◆ **RECORDS PROVIDED**:
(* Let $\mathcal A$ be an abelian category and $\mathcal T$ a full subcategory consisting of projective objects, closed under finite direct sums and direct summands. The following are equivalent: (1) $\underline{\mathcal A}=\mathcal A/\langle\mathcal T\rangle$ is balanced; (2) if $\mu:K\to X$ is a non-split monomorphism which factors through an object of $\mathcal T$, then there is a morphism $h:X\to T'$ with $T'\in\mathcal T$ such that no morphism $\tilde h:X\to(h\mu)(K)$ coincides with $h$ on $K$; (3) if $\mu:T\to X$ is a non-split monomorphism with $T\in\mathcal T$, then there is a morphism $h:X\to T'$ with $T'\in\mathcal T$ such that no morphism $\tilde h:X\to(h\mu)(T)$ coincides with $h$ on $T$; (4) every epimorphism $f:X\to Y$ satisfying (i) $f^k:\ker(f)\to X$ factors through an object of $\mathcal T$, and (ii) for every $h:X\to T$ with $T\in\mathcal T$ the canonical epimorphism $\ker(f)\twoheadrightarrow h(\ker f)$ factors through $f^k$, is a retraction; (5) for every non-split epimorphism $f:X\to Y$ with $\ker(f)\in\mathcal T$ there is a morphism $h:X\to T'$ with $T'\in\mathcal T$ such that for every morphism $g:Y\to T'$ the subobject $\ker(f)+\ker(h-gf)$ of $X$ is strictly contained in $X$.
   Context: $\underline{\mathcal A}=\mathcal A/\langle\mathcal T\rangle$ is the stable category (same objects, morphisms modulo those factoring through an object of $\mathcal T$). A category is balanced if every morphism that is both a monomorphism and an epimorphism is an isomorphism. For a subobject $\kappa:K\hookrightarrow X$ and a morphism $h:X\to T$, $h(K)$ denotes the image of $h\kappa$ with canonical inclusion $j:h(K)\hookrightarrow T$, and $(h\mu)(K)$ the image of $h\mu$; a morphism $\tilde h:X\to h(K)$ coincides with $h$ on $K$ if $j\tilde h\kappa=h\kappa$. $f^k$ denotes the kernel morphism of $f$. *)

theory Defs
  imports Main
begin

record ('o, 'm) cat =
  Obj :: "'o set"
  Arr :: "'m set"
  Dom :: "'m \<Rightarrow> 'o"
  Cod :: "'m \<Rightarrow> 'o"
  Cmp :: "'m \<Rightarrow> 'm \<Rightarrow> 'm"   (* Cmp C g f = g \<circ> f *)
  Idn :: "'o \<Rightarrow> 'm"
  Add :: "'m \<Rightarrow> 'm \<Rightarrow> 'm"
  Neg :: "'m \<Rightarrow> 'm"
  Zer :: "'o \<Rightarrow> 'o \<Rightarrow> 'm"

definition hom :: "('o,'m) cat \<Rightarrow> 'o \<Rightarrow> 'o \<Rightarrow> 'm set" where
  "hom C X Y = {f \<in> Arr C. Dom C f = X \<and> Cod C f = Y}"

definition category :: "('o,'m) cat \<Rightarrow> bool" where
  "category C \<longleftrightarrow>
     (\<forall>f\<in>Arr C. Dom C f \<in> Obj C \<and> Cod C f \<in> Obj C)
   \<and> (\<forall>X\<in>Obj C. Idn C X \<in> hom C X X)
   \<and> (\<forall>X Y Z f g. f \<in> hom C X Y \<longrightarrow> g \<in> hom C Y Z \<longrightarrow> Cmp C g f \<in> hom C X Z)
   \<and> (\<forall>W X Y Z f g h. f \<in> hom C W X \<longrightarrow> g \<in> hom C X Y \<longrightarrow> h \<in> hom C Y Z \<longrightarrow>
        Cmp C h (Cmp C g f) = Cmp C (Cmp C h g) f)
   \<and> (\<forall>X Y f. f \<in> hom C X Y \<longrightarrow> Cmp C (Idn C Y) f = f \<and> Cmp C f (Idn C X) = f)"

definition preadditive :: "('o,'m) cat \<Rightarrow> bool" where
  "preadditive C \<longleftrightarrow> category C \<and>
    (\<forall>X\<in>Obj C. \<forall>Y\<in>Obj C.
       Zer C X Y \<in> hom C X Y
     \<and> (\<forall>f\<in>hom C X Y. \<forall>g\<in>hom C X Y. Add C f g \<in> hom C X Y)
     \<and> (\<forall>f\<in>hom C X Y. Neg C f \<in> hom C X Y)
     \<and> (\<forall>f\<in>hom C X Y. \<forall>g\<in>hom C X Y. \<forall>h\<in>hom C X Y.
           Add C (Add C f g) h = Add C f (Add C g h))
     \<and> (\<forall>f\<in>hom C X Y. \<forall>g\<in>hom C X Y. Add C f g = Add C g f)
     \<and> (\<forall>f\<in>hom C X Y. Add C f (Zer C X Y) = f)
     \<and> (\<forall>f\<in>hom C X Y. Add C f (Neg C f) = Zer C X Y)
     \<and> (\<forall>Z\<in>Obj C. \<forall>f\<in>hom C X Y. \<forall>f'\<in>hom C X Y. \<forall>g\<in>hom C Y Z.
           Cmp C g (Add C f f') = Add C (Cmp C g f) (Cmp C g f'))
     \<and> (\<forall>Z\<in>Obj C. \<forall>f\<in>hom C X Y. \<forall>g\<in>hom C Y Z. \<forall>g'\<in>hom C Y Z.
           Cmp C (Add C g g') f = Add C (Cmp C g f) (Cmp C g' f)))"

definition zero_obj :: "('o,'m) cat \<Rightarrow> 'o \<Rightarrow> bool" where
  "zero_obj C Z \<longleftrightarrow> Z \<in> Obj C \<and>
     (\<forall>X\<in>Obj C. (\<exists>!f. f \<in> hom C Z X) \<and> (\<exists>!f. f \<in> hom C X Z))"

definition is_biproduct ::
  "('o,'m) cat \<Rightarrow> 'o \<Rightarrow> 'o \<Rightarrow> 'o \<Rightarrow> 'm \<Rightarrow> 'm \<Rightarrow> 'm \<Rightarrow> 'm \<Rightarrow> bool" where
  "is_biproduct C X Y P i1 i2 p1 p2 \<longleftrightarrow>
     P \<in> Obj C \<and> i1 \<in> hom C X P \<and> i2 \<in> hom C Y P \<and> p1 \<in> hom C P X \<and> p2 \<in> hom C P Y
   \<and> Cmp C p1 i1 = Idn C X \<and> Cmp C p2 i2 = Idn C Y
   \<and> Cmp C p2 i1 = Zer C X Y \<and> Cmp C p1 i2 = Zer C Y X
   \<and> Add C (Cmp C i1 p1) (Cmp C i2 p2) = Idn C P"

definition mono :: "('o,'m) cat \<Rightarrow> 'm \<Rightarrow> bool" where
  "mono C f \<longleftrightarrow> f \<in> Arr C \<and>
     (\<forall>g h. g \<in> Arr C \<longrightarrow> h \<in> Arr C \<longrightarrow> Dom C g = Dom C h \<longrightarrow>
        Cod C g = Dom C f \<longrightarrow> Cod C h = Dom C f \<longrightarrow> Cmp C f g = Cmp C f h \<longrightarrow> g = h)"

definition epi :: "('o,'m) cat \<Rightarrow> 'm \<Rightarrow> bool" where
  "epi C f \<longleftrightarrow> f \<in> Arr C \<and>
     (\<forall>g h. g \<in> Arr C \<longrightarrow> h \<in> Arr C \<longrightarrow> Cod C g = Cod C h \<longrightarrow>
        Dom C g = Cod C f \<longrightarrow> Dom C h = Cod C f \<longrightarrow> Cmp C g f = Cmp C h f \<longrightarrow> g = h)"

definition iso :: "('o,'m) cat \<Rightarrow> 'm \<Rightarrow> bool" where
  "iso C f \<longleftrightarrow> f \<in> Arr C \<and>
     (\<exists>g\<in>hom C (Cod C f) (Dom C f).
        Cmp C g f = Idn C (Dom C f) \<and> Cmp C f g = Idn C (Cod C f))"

--

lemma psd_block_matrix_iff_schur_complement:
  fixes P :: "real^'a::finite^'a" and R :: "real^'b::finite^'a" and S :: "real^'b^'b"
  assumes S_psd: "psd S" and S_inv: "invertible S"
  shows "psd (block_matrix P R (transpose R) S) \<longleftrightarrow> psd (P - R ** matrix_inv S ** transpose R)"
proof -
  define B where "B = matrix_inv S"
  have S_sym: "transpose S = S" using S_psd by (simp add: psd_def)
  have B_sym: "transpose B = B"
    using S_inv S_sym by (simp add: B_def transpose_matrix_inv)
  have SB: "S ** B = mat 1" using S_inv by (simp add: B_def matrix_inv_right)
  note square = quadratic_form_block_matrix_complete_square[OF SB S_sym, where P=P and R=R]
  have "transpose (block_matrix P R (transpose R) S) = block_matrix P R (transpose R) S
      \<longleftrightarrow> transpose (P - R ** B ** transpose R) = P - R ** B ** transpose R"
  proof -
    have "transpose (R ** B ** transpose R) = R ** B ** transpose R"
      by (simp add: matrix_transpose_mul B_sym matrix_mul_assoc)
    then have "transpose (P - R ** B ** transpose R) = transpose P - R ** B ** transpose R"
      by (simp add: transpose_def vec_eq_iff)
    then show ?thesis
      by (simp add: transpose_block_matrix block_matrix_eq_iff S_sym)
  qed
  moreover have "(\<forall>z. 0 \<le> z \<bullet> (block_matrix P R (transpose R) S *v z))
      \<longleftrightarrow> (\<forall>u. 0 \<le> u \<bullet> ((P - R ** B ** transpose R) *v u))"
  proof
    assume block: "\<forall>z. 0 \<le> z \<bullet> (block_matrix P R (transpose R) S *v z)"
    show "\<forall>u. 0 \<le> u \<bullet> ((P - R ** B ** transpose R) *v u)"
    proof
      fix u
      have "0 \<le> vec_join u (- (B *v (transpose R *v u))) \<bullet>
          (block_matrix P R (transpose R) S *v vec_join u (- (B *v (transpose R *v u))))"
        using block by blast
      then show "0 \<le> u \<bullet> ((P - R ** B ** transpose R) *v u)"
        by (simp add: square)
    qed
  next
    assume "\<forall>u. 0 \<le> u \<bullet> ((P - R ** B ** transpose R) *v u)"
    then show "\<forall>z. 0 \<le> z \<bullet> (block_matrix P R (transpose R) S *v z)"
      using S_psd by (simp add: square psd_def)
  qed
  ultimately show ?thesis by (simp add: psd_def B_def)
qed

◆ **DESCRIPTION OF THE TASK**: Among the lines of the material above, find those with the word "have". Copy each one.

◆ **SOLVED EXERCISE**:
  have S_sym: "transpose S = S" using S_psd by (simp add: psd_def)
  have B_sym: "transpose B = B"
  have SB: "S ** B = mat 1" using S_inv by (simp add: B_def matrix_inv_right)
  have "transpose (block_matrix P R (transpose R) S) = block_matrix P R (transpose R) S
    have "transpose (R ** B ** transpose R) = R ** B ** transpose R"
    then have "transpose (P - R ** B ** transpose R) = transpose P - R ** B ** transpose R"
  moreover have "(\<forall>z. 0 \<le> z \<bullet> (block_matrix P R (transpose R) S *v z))
      have "0 \<le> vec_join u (- (B *v (transpose R *v u))) \<bullet>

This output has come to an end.